PROBLEM: The line containing "(1 - dist y" marks where to begin; quote it and every line after it through the end of the data, exactly as written.

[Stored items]

—————

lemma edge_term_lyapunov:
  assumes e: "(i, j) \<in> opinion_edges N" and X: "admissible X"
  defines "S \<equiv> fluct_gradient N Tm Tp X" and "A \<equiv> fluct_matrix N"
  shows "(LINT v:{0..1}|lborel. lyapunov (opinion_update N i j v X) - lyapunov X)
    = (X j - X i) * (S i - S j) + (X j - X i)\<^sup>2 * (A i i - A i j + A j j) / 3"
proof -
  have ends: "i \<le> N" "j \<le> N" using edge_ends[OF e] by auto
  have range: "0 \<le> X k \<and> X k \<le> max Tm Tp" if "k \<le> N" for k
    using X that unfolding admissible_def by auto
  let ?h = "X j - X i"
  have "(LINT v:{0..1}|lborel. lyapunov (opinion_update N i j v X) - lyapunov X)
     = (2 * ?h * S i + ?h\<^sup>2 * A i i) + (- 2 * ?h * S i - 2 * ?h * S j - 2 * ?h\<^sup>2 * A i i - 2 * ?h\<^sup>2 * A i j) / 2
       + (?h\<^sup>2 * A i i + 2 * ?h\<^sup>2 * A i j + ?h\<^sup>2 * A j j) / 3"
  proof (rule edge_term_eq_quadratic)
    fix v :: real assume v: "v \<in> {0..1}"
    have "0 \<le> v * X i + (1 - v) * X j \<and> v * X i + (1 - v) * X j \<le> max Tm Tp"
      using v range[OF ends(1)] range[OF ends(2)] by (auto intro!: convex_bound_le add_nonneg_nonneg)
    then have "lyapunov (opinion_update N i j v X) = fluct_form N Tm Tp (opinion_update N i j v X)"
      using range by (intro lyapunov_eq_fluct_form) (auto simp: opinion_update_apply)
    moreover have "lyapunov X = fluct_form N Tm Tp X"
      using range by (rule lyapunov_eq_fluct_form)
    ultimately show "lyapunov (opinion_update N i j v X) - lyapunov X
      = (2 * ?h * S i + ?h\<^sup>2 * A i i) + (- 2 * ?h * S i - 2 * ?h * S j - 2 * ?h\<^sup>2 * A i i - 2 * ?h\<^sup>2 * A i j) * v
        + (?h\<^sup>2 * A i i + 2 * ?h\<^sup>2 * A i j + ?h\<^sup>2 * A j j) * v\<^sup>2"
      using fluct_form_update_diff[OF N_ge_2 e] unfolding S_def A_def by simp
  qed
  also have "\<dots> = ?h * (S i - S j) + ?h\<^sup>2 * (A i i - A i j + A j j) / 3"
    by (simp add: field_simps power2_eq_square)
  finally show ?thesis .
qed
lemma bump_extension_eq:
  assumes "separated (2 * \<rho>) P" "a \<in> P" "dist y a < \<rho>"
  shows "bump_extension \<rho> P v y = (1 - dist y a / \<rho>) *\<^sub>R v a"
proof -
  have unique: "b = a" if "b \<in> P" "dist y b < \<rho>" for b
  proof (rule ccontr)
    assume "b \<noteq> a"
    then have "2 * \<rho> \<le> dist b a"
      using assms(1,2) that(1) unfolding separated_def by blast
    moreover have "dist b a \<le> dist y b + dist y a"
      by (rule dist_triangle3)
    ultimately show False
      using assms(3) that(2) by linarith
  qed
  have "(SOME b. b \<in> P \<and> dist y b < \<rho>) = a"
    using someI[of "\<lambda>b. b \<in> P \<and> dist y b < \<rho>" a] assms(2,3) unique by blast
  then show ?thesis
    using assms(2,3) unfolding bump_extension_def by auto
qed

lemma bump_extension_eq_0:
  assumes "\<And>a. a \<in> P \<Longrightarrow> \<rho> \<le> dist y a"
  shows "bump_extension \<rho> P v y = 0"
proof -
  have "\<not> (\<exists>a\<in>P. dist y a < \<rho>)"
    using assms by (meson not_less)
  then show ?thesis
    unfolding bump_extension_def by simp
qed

—————

TASK ANSWER:
  shows "bump_extension \<rho> P v y = (1 - dist y a / \<rho>) *\<^sub>R v a"
proof -
  have unique: "b = a" if "b \<in> P" "dist y b < \<rho>" for b
  proof (rule ccontr)
    assume "b \<noteq> a"
    then have "2 * \<rho> \<le> dist b a"
      using assms(1,2) that(1) unfolding separated_def by blast
    moreover have "dist b a \<le> dist y b + dist y a"
      by (rule dist_triangle3)
    ultimately show False
      using assms(3) that(2) by linarith
  qed
  have "(SOME b. b \<in> P \<and> dist y b < \<rho>) = a"
    using someI[of "\<lambda>b. b \<in> P \<and> dist y b < \<rho>" a] assms(2,3) unique by blast
  then show ?thesis
    using assms(2,3) unfolding bump_extension_def by auto
qed

lemma bump_extension_eq_0:
  assumes "\<And>a. a \<in> P \<Longrightarrow> \<rho> \<le> dist y a"
  shows "bump_extension \<rho> P v y = 0"
proof -
  have "\<not> (\<exists>a\<in>P. dist y a < \<rho>)"
    using assms by (meson not_less)
  then show ?thesis
    unfolding bump_extension_def by simp
qed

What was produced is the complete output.